Below is a table showing the performance details of the NLTK 2.0b9 default tagger on the treebank corpus, which you can see for yourself by running python analyze_tagger_coverage.py treebank --metrics. The default tagger is 99.57% accurate on treebank, and below you can see exactly on which tags it fails. The Found column shows the number of occurrences of each tag produced by the default tagger, while the Actual column shows the actual number of occurrences in the treebank corpus. Precision and Recall, which I’ve explained in the context of classification, show the performance for each tag. If the Precision is less than 1, that means the tagger gave the tag to a word that it shouldn’t have (a false positive). If the Recall is less than 1, it means the tagger did not give the tag to a word that it should have (a false negative).

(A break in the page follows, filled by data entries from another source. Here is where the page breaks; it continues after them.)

lemma rho_A_formula:
  fixes V :: "'v set" and E :: "'v \<Rightarrow> 'v \<Rightarrow> bool" and green :: "'v \<Rightarrow> bool"
    and aG aR bG bR :: real and kG kR :: nat
  assumes finV: "finite V" and nonempty: "V \<noteq> {}"
    and E_in_V: "\<And>u v. E u v \<Longrightarrow> u \<in> V \<and> v \<in> V"
    and E_sym: "\<And>u v. E u v \<Longrightarrow> E v u"
    and connected: "\<forall>u\<in>V. \<forall>v\<in>V. E\<^sup>*\<^sup>* u v"
    and proper: "\<And>u v. E u v \<Longrightarrow> green u \<noteq> green v"
    and deg_G: "\<And>u. u \<in> V \<Longrightarrow> green u \<Longrightarrow> card (nbrs V E u) = kG"
    and deg_R: "\<And>u. u \<in> V \<Longrightarrow> \<not> green u \<Longrightarrow> card (nbrs V E u) = kR"
    and pos: "aG > 0" "aR > 0" "bG > 0" "bR > 0"
    and neq: "aG * aR \<noteq> bG * bR"
  defines "NG \<equiv> card {v \<in> V. green v}" and "NR \<equiv> card {v \<in> V. \<not> green v}"
    and "\<zeta>G \<equiv> bR * (aR * kG + bG * kR) / (aR * (aG * kR + bR * kG))"
    and "\<zeta>R \<equiv> bG * (aG * kR + bR * kG) / (aG * (aR * kG + bG * kR))"
  shows "rho_A V E green aG aR bG bR =
           (1 - (NG * \<zeta>G + NR * \<zeta>R) / (NG + NR)) / (1 - \<zeta>G ^ NG * \<zeta>R ^ NR)"
proof (cases "\<exists>x. V = {x}")
  case True
  then obtain x where V: "V = {x}" by blast
  text \<open>A proper colouring excludes loops, so the single vertex has degree 0.\<close>
  have no_nbrs: "card (nbrs V E x) = 0" using V proper by (auto simp: nbrs_def)
  show ?thesis
  proof (cases "green x")
    case True
    then have colour_classes: "{v \<in> V. green v} = {x}" "{v \<in> V. \<not> green v} = {}" using V by auto
    have "NG = 1" "NR = 0" unfolding NG_def NR_def colour_classes by simp_all
    moreover have "kG = 0" using V True deg_G[of x] no_nbrs by simp
    moreover have "\<zeta>G \<noteq> 1" using degenerate_zeta_ne_1[OF pos neq] \<open>kG = 0\<close> by (simp add: \<zeta>G_def)
    ultimately show ?thesis using V rho_A_singleton by simp
  next
    case False
    then have colour_classes: "{v \<in> V. green v} = {}" "{v \<in> V. \<not> green v} = {x}" using V by auto
    have "NG = 0" "NR = 1" unfolding NG_def NR_def colour_classes by simp_all
    moreover have "kR = 0" using V False deg_R[of x] no_nbrs by simp
    moreover have "\<zeta>R \<noteq> 1"
      using degenerate_zeta_ne_1[OF pos(2,1,4,3)] neq \<open>kR = 0\<close> by (simp add: \<zeta>R_def mult.commute)
    ultimately show ?thesis using V rho_A_singleton by simp
  qed
next
  case False
  have "nbrs V E u \<noteq> {}" if u: "u \<in> V" for u
  proof -
    obtain w where w: "w \<in> V" "w \<noteq> u" using False u nonempty by blast
    then have "E\<^sup>*\<^sup>* u w" using connected u by blast
    then obtain y where "E u y" using w(2) by (cases rule: converse_rtranclpE) auto
    then show ?thesis using E_in_V by (auto simp: nbrs_def)
  qed
  then interpret colour_regular_moran V E green aG aR bG bR kG kR
    using assms by unfold_locales auto
  show ?thesis
    using rho_A_eq unfolding zetaG_def zetaR_def NG_def NR_def \<zeta>G_def \<zeta>R_def .
qed

theorem theorem1:
  fixes V :: "'v set" and E :: "'v \<Rightarrow> 'v \<Rightarrow> bool" and green :: "'v \<Rightarrow> bool"
    and aG aR bG bR :: real and kG kR :: nat
  assumes finV: "finite V" and nonempty: "V \<noteq> {}"
    and E_in_V: "\<And>u v. E u v \<Longrightarrow> u \<in> V \<and> v \<in> V"
    and E_sym: "\<And>u v. E u v \<Longrightarrow> E v u"
    and E_irrefl: "\<And>u. \<not> E u u"
    and connected: "\<forall>u\<in>V. \<forall>v\<in>V. E\<^sup>*\<^sup>* u v"
    and proper: "\<And>u v. E u v \<Longrightarrow> green u \<noteq> green v"
    and deg_G: "\<And>u. u \<in> V \<Longrightarrow> green u \<Longrightarrow> card (nbrs V E u) = kG"
    and deg_R: "\<And>u. u \<in> V \<Longrightarrow> \<not> green u \<Longrightarrow> card (nbrs V E u) = kR"
    and pos: "aG > 0" "aR > 0" "bG > 0" "bR > 0"
    and neq: "aG * aR \<noteq> bG * bR"
  defines "NG \<equiv> card {v \<in> V. green v}" and "NR \<equiv> card {v \<in> V. \<not> green v}"
    and "\<zeta>G \<equiv> bR * (aR * kG + bG * kR) / (aR * (aG * kR + bR * kG))"
    and "\<zeta>R \<equiv> bG * (aG * kR + bR * kG) / (aG * (aR * kG + bG * kR))"
    and "\<eta>G \<equiv> aR * (bR * kG + aG * kR) / (bR * (bG * kR + aR * kG))"
    and "\<eta>R \<equiv> aG * (bG * kR + aR * kG) / (bG * (bR * kG + aG * kR))"
  shows "rho_A V E green aG aR bG bR =
           (1 - (NG * \<zeta>G + NR * \<zeta>R) / (NG + NR)) / (1 - \<zeta>G ^ NG * \<zeta>R ^ NR) \<and>
         rho_B V E green aG aR bG bR =
           (1 - (NG * \<eta>G + NR * \<eta>R) / (NG + NR)) / (1 - \<eta>G ^ NG * \<eta>R ^ NR)"
proof -
  have neq': "bG * bR \<noteq> aG * aR" using neq by simp
  show ?thesis
    using rho_A_formula[OF finV nonempty E_in_V E_sym connected proper deg_G deg_R pos neq]
      rho_A_formula[OF finV nonempty E_in_V E_sym connected proper deg_G deg_R pos(3,4,1,2) neq']
    unfolding rho_B_eq_rho_A_swap NG_def NR_def \<zeta>G_def \<zeta>R_def \<eta>G_def \<eta>R_def
    by simp
qed

end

Tag Found Actual Precision Recall
# 16 16 1 1
$ 724 724 1 1
694 694 1 1
, 4887 4886 1 1
-LRB- 120 120 1 1
-NONE- 6591 6592 1 1
-RRB- 126 126 1 1
. 3874 3874 1 1
: 563 563 1 1
CC 2271 2265 1 1
CD 3547 3546 0.999 0.999
DT 8170 8165 1 1
EX 88 88 1 1
FW 4 4 1 1
IN 9880 9857 0.9913 0.958
JJ 5803 5834 0.9913 0.9789
JJR 386 381 1 0.9149
JJS 185 182 0.9667 1
LS 12 13 1 0.8571
MD 927 927 1 1
NN 13166 13166 0.9917 0.9879
NNP 9427 9410 0.9948 0.994
NNPS 246 244 0.9903 0.9533
NNS 6055 6047 0.9952 0.9972
PDT 21 27 1 0.6667
POS 824 824 1 1
PRP 1716 1716 1 1
PRP$ 766 766 1 1
RB 2800 2822 0.9931 0.975
RBR 130 136 1 0.875
RBS 33 35 1 0.5
RP 213 216 1 1
SYM 1 1 1 1
TO 2180 2179 1 1
UH 3 3 1 1
VB 2562 2554 0.9914 1
VBD 3035 3043 0.9902 0.9807
VBG 1458 1460 0.9965 0.9982
VBN 2145 2134 0.9885 0.9957
VBP 1318 1321 0.9931 0.9828
VBZ 2124 2125 0.9937 0.9906
WDT 440 445 1 0.8333
WP 241 241 1 1
WP$ 14 14 1 1
WRB 178 178 1 1
712 712 1 1

Unknown Words in Treebank

Suprisingly, the treebank corpus contains 6592 words tags with -NONE-. But it’s not that bad, since it’s only 440 unique words, and they are not regular words at all: *EXP*-2, *T*-91, *-106, and many more similar looking tokens.